● Data:
○ ○ ○ ○ ○ ○ ○

(* Let $m\ge1$, let $\mathcal{X},\mathcal{A}_1,\dots,\mathcal{A}_m$ be finite sets with $|\mathcal{X}|=d\ge2$, and let $P$ be a probability distribution on $\mathcal{X}\times\mathcal{A}_1\times\cdots\times\mathcal{A}_m$. Let $Q$ be an $m$-partite no-signalling correlation with outputs in $\mathcal{X}^m$ and inputs in $\mathcal{A}_1\times\cdots\times\mathcal{A}_m$ such that $Q(x,\dots,x|a_1,\dots,a_m)\le 1/d$ for all $x\in\mathcal{X}$ and all $a_i\in\mathcal{A}_i$. Then $$\sum_{x,a_1,\dots,a_m}P(x,a_1,\dots,a_m)Q(x,\dots,x|a_1,\dots,a_m)\le\omega_{\mathrm{c}},$$ where $\omega_{\mathrm{c}}=\max_{f_1,\dots,f_m}\sum_{x,a_1,\dots,a_m}P(x,a_1,\dots,a_m)\,\delta[f_1(a_1)=\cdots=f_m(a_m)=x]$ over functions $f_i\colon\mathcal{A}_i\to\mathcal{X}$.
   Context: $\delta$ is the indicator function. An $m$-partite no-signalling correlation is a conditional distribution $Q(x_1,\dots,x_m|a_1,\dots,a_m)$ on $\mathcal{X}^m$ given $(a_1,\dots,a_m)$ such that for every index set $I\subset\{1,\dots,m\}$ with complement $J$, $\sum_{x_J}Q(x_I,x_J|a_I,a_J)$ does not depend on $a_J$ (for all fixed $x_I,a_I$). *)

theory Defs
  imports Complex_Main "HOL-Library.FuncSet"
begin

text \<open>Inputs: a tuple (a_1,...,a_m) is a function in PiE {..<m} A, where A i is the
 input set of party i. Outputs: a tuple (x_1,...,x_m) is a function in PiE {..<m} (\<lambda>_. X).\<close>

definition cond_distr :: "nat \<Rightarrow> 'x set \<Rightarrow> (nat \<Rightarrow> 'a set) \<Rightarrow> ((nat \<Rightarrow> 'x) \<Rightarrow> (nat \<Rightarrow> 'a) \<Rightarrow> real) \<Rightarrow> bool" where
  "cond_distr m X A Q \<longleftrightarrow>
     (\<forall>a\<in>PiE {..<m} A. (\<forall>x\<in>PiE {..<m} (\<lambda>_. X). Q x a \<ge> 0) \<and>
        (\<Sum>x\<in>PiE {..<m} (\<lambda>_. X). Q x a) = 1)"

definition no_signalling :: "nat \<Rightarrow> 'x set \<Rightarrow> (nat \<Rightarrow> 'a set) \<Rightarrow> ((nat \<Rightarrow> 'x) \<Rightarrow> (nat \<Rightarrow> 'a) \<Rightarrow> real) \<Rightarrow> bool" where
  "no_signalling m X A Q \<longleftrightarrow> cond_distr m X A Q \<and>
     (\<forall>I \<subseteq> {..<m}. \<forall>xI \<in> PiE I (\<lambda>_. X). \<forall>a\<in>PiE {..<m} A. \<forall>a'\<in>PiE {..<m} A.
        (\<forall>i\<in>I. a i = a' i) \<longrightarrow>
        (\<Sum>xJ\<in>PiE ({..<m} - I) (\<lambda>_. X). Q (\<lambda>i. if i \<in> I then xI i else xJ i) a) =
        (\<Sum>xJ\<in>PiE ({..<m} - I) (\<lambda>_. X). Q (\<lambda>i. if i \<in> I then xI i else xJ i) a'))"

definition prob_distr :: "nat \<Rightarrow> 'x set \<Rightarrow> (nat \<Rightarrow> 'a set) \<Rightarrow> ('x \<Rightarrow> (nat \<Rightarrow> 'a) \<Rightarrow> real) \<Rightarrow> bool" where
  "prob_distr m X A P \<longleftrightarrow>
     (\<forall>x\<in>X. \<forall>a\<in>PiE {..<m} A. P x a \<ge> 0) \<and>
     (\<Sum>x\<in>X. \<Sum>a\<in>PiE {..<m} A. P x a) = 1"

definition omega_c :: "nat \<Rightarrow> 'x set \<Rightarrow> (nat \<Rightarrow> 'a set) \<Rightarrow> ('x \<Rightarrow> (nat \<Rightarrow> 'a) \<Rightarrow> real) \<Rightarrow> real" where
  "omega_c m X A P = Max ((\<lambda>f. \<Sum>x\<in>X. \<Sum>a\<in>PiE {..<m} A.
        P x a * (if \<forall>i<m. f i (a i) = x then 1 else 0))
      ` PiE {..<m} (\<lambda>i. A i \<rightarrow>\<^sub>E X))"

end

theory Submission
  imports Defs
begin

text \<open>Since \<open>Q(x,\<dots>,x|a) \<le> 1/d\<close>, the left-hand
side is at most \<open>1/d\<close>. On the other hand some \<open>x\<^sub>0\<close> has marginal probability
\<open>P(x\<^sub>0) \<ge> 1/d\<close>, and the constant strategies \<open>f\<^sub>i = x\<^sub>0\<close> win with exactly that probability,
so \<open>\<omega>\<^sub>c \<ge> 1/d\<close>.\<close>

definition strategy_value ::
    "nat \<Rightarrow> 'x set \<Rightarrow> (nat \<Rightarrow> 'a set) \<Rightarrow> ('x \<Rightarrow> (nat \<Rightarrow> 'a) \<Rightarrow> real) \<Rightarrow> (nat \<Rightarrow> 'a \<Rightarrow> 'x) \<Rightarrow> real"
  where "strategy_value m X A P f =
    (\<Sum>x\<in>X. \<Sum>a\<in>PiE {..<m} A. P x a * (if \<forall>i<m. f i (a i) = x then 1 else 0))"

lemma omega_c_eq_Max_strategy_value:
  "omega_c m X A P = Max (strategy_value m X A P ` PiE {..<m} (\<lambda>i. A i \<rightarrow>\<^sub>E X))"
  unfolding omega_c_def strategy_value_def ..

lemma strategy_value_le_omega_c:
  assumes "finite X" "\<forall>i<m. finite (A i)" "f \<in> PiE {..<m} (\<lambda>i. A i \<rightarrow>\<^sub>E X)"
  shows "strategy_value m X A P f \<le> omega_c m X A P"
proof -
  have "finite (PiE {..<m} (\<lambda>i. A i \<rightarrow>\<^sub>E X))"
    using assms(1,2) by (intro finite_PiE) (auto intro: finite_PiE)
  then show ?thesis
    unfolding omega_c_eq_Max_strategy_value using assms(3) by simp
qed

lemma strategy_value_const:
  assumes "m \<ge> 1" "x\<^sub>0 \<in> X" "finite X"
  shows "strategy_value m X A P (\<lambda>_ _. x\<^sub>0) = (\<Sum>a\<in>PiE {..<m} A. P x\<^sub>0 a)"
proof -
  have "(\<forall>i<m. x\<^sub>0 = x) \<longleftrightarrow> x = x\<^sub>0" for x
    using assms(1) by (metis One_nat_def Suc_le_lessD)
  then have "strategy_value m X A P (\<lambda>_ _. x\<^sub>0) =
      (\<Sum>x\<in>X. if x = x\<^sub>0 then (\<Sum>a\<in>PiE {..<m} A. P x a) else 0)"
    unfolding strategy_value_def by (intro sum.cong) auto
  also have "\<dots> = (\<Sum>a\<in>PiE {..<m} A. P x\<^sub>0 a)"
    using assms(2,3) by simp
  finally show ?thesis .
qed

lemma strategy_value_restrict:
  "strategy_value m X A P (\<lambda>i\<in>{..<m}. \<lambda>y\<in>A i. f i y) = strategy_value m X A P f"
  unfolding strategy_value_def by (intro sum.cong refl) (auto simp: PiE_iff)

lemma exists_ge_average:
  fixes f :: "'b \<Rightarrow> real"
  assumes "finite S" "S \<noteq> {}"
  shows "\<exists>x\<in>S. sum f S / card S \<le> f x"
proof -
  have "Max (f ` S) \<in> f ` S"
    using assms by simp
  then obtain x where x: "x \<in> S" "f x = Max (f ` S)"
    by (metis imageE)
  have "sum f S \<le> card S * f x"
    using sum_bounded_above[of S f "f x"] x(2) assms(1) by simp
  moreover have "card S > 0"
    using assms by (simp add: card_gt_0_iff)
  ultimately show ?thesis
    using x(1) by (auto simp: pos_divide_le_eq mult.commute)
qed

lemma omega_c_ge_inverse_card:
  assumes "m \<ge> 1" "finite X" "X \<noteq> {}" "\<forall>i<m. finite (A i)" "prob_distr m X A P"
  shows "1 / card X \<le> omega_c m X A P"
proof -
  have "(\<Sum>x\<in>X. \<Sum>a\<in>PiE {..<m} A. P x a) = 1"
    using assms(5) unfolding prob_distr_def by blast
  then obtain x\<^sub>0 where x\<^sub>0: "x\<^sub>0 \<in> X" "1 / card X \<le> (\<Sum>a\<in>PiE {..<m} A. P x\<^sub>0 a)"
    using exists_ge_average[OF assms(2,3), of "\<lambda>x. \<Sum>a\<in>PiE {..<m} A. P x a"] by auto
  have "(\<lambda>i\<in>{..<m}. \<lambda>y\<in>A i. x\<^sub>0) \<in> PiE {..<m} (\<lambda>i. A i \<rightarrow>\<^sub>E X)"
    using x\<^sub>0(1) by auto
  then have "strategy_value m X A P (\<lambda>i\<in>{..<m}. \<lambda>y\<in>A i. x\<^sub>0) \<le> omega_c m X A P"
    by (rule strategy_value_le_omega_c[OF assms(2,4)])
  then show ?thesis
    using x\<^sub>0 strategy_value_const[OF assms(1) x\<^sub>0(1) assms(2), of A P]
    by (simp add: strategy_value_restrict)
qed

lemma winning_probability_le:
  assumes "prob_distr m X A P"
    and "\<forall>x\<in>X. \<forall>a\<in>PiE {..<m} A. Q (restrict (\<lambda>_. x) {..<m}) a \<le> c"
  shows "(\<Sum>x\<in>X. \<Sum>a\<in>PiE {..<m} A. P x a * Q (restrict (\<lambda>_. x) {..<m}) a) \<le> c"
proof -
  have "(\<Sum>x\<in>X. \<Sum>a\<in>PiE {..<m} A. P x a * Q (restrict (\<lambda>_. x) {..<m}) a)
      \<le> (\<Sum>x\<in>X. \<Sum>a\<in>PiE {..<m} A. P x a * c)"
    using assms unfolding prob_distr_def by (intro sum_mono mult_left_mono) auto
  also have "\<dots> = c"
    using assms(1) unfolding prob_distr_def by (simp add: sum_distrib_right[symmetric])
  finally show ?thesis .
qed

theorem mainTheorem9:
  fixes m :: nat and X :: "'x set" and A :: "nat \<Rightarrow> 'a set"
    and P :: "'x \<Rightarrow> (nat \<Rightarrow> 'a) \<Rightarrow> real"
    and Q :: "(nat \<Rightarrow> 'x) \<Rightarrow> (nat \<Rightarrow> 'a) \<Rightarrow> real"
  assumes "m \<ge> 1"
    and "finite X" and "card X \<ge> 2"
    and "\<forall>i<m. finite (A i)"
    and "prob_distr m X A P"
    and "no_signalling m X A Q"
    and "\<forall>x\<in>X. \<forall>a\<in>PiE {..<m} A. Q (restrict (\<lambda>_. x) {..<m}) a \<le> 1 / real (card X)"
  shows "(\<Sum>x\<in>X. \<Sum>a\<in>PiE {..<m} A. P x a * Q (restrict (\<lambda>_. x) {..<m}) a)
           \<le> omega_c m X A P"
proof -
  have "X \<noteq> {}"
    using assms(3) by auto
  have "(\<Sum>x\<in>X. \<Sum>a\<in>PiE {..<m} A. P x a * Q (restrict (\<lambda>_. x) {..<m}) a) \<le> 1 / card X"
    using assms(5,7) by (rule winning_probability_le)
  also have "\<dots> \<le> omega_c m X A P"
    using assms(1,2) \<open>X \<noteq> {}\<close> assms(4,5) by (rule omega_c_ge_inverse_card)
  finally show ?thesis .
qed

end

○ ○ ○ ○ ○ ○ ○

● Task requirements: Scan the listing for "auto" and copy out each line that has it.

● Exercise solution:
    using assms(1,2) by (intro finite_PiE) (auto intro: finite_PiE)
    unfolding strategy_value_def by (intro sum.cong) auto
  unfolding strategy_value_def by (intro sum.cong refl) (auto simp: PiE_iff)
    using x(1) by (auto simp: pos_divide_le_eq mult.commute)
    using exists_ge_average[OF assms(2,3), of "\<lambda>x. \<Sum>a\<in>PiE {..<m} A. P x a"] by auto
    using x\<^sub>0(1) by auto
    using assms unfolding prob_distr_def by (intro sum_mono mult_left_mono) auto
    using assms(3) by auto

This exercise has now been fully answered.